* What the task asks *
Report every line below that has the string "complex" in it.

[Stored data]

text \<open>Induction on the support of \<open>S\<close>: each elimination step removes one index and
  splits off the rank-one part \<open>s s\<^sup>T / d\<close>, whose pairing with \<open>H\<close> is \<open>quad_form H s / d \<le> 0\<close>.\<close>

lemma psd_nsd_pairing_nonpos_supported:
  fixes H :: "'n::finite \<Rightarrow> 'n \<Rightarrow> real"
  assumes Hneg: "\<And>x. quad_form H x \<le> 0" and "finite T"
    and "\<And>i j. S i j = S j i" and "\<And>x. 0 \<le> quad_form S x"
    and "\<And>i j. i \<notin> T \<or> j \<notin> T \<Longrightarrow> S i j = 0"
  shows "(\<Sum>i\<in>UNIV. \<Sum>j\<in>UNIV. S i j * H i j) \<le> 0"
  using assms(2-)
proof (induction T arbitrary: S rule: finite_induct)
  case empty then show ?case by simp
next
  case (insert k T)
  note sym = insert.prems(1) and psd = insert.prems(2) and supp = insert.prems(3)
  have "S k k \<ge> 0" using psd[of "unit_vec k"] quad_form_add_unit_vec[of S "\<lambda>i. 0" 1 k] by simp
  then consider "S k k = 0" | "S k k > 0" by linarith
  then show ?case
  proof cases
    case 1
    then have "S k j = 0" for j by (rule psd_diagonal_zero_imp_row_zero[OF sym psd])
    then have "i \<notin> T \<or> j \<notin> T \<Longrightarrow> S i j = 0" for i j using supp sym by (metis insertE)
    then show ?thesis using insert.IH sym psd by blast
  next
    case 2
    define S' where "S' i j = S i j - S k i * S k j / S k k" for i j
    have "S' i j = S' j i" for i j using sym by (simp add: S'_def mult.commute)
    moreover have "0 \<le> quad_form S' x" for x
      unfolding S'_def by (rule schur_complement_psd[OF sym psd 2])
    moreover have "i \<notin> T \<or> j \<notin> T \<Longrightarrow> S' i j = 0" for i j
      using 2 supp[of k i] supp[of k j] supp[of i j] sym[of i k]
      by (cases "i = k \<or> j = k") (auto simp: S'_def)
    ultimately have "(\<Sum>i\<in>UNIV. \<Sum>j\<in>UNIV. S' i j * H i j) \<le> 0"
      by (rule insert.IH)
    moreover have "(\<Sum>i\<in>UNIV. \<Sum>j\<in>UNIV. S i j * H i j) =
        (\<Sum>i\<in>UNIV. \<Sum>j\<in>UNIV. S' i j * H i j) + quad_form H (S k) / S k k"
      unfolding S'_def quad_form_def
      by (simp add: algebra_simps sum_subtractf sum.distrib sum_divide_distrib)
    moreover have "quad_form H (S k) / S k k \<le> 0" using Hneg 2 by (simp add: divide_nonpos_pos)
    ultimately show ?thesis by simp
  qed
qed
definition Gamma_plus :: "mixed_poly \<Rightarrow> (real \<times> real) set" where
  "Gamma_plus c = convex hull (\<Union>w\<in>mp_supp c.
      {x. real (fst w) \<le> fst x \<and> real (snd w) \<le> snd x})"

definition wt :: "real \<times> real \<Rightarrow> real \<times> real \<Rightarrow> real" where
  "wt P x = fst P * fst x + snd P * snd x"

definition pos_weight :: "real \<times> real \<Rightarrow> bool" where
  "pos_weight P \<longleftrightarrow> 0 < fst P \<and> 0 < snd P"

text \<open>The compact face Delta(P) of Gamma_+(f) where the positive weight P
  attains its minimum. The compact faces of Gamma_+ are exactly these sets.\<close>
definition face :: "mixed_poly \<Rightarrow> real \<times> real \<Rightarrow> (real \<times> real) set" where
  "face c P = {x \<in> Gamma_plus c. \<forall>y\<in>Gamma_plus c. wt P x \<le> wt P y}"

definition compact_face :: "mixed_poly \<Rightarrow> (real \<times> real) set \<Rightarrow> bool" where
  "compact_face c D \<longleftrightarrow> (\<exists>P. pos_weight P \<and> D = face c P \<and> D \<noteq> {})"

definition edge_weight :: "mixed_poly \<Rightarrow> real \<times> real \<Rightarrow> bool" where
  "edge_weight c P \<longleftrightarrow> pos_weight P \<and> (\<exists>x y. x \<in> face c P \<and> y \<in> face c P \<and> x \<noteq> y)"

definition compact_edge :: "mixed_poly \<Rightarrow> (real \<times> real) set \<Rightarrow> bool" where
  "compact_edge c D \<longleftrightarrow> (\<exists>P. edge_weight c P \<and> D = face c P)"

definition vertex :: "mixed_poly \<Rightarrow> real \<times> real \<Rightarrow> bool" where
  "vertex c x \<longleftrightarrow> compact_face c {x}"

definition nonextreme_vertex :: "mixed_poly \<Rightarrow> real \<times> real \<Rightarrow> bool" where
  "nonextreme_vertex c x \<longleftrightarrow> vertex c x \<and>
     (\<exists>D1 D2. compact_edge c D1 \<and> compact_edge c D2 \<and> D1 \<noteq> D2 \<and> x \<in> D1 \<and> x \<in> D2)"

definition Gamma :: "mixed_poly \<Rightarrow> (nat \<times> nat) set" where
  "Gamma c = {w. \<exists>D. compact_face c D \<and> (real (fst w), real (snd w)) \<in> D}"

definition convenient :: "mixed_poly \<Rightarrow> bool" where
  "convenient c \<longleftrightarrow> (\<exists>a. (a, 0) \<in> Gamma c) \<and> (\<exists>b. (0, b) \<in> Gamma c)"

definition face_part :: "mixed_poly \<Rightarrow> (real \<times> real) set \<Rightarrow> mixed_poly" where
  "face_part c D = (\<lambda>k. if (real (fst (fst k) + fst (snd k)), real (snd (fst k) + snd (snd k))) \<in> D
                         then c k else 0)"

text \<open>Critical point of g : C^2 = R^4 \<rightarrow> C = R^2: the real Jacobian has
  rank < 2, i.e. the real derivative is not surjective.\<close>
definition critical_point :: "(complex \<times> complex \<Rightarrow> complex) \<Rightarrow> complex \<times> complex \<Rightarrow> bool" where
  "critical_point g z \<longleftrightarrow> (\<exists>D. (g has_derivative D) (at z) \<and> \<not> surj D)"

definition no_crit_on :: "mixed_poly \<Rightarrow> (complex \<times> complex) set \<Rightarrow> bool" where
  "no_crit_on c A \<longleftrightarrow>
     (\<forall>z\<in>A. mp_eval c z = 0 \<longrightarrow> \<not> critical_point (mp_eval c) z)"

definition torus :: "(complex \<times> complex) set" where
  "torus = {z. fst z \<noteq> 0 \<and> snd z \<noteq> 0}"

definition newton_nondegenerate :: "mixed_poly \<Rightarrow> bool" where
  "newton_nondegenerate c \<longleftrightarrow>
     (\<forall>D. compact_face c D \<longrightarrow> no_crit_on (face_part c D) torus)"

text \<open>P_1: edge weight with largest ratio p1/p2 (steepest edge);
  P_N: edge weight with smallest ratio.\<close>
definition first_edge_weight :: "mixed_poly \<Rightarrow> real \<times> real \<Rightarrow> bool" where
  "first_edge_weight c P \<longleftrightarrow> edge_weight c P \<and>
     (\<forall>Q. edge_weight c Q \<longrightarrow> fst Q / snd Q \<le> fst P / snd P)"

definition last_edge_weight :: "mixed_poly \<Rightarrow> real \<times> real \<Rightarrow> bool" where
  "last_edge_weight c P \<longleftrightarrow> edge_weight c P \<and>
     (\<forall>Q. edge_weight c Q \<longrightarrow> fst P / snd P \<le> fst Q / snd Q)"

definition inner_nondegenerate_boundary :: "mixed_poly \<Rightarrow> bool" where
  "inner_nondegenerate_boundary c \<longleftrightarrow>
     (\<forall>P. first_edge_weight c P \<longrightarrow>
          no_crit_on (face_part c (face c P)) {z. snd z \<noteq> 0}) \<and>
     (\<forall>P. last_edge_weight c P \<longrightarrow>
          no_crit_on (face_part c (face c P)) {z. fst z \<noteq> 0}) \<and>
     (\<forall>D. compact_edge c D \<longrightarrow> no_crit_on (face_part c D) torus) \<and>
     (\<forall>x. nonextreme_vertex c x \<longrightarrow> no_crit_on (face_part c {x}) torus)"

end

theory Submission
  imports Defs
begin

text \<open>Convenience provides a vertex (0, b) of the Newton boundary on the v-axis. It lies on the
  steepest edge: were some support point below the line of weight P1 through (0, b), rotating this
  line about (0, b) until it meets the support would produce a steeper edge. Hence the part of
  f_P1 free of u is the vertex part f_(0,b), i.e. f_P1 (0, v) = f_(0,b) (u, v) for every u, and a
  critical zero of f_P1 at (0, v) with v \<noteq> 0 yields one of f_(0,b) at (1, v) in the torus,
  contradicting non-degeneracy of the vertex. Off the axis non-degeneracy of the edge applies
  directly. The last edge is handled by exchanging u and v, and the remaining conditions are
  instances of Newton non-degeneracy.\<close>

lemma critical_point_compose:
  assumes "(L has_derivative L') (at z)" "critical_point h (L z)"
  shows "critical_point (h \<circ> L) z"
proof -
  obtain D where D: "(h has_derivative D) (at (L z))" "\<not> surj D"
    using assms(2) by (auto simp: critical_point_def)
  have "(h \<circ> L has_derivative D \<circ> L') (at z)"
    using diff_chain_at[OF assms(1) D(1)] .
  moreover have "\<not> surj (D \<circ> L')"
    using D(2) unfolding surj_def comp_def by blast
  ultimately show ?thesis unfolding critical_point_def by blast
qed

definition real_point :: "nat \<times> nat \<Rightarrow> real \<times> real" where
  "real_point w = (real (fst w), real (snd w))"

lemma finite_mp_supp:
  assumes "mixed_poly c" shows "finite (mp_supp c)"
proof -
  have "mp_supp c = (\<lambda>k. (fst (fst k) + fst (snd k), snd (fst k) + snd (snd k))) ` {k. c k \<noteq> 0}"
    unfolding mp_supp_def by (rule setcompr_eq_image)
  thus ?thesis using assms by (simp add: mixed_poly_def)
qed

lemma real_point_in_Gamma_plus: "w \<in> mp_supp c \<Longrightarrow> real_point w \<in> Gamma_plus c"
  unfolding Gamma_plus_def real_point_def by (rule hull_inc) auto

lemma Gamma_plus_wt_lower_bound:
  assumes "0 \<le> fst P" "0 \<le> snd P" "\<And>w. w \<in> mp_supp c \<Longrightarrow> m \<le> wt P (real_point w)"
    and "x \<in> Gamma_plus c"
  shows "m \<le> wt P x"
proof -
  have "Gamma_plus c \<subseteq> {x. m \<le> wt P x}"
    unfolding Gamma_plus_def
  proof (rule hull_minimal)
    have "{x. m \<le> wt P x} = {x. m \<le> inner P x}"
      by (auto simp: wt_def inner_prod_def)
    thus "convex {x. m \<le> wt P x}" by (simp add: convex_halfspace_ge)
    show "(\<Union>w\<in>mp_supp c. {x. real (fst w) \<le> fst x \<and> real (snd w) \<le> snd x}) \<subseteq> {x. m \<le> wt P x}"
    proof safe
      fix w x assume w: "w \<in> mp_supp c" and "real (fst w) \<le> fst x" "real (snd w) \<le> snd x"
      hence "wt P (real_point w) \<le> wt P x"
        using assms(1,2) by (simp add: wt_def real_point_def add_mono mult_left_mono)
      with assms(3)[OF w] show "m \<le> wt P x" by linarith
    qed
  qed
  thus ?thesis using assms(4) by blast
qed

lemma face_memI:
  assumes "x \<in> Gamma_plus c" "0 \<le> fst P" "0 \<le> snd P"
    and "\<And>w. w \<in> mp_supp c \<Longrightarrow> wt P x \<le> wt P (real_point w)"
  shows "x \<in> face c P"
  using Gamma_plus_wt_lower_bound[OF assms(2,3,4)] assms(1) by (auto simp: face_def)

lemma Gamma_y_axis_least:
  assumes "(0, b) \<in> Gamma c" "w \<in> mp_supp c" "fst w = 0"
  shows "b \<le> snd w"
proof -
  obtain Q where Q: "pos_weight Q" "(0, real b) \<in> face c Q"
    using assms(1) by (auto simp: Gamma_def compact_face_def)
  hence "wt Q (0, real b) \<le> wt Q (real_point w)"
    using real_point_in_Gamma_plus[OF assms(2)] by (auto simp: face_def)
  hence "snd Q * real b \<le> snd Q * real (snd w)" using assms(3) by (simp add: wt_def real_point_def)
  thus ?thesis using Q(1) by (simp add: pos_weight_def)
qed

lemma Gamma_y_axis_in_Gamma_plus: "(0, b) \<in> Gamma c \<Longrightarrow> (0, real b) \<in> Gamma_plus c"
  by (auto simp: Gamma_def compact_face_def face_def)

* The completed task *
definition critical_point :: "(complex \<times> complex \<Rightarrow> complex) \<Rightarrow> complex \<times> complex \<Rightarrow> bool" where
definition no_crit_on :: "mixed_poly \<Rightarrow> (complex \<times> complex) set \<Rightarrow> bool" where
definition torus :: "(complex \<times> complex) set" where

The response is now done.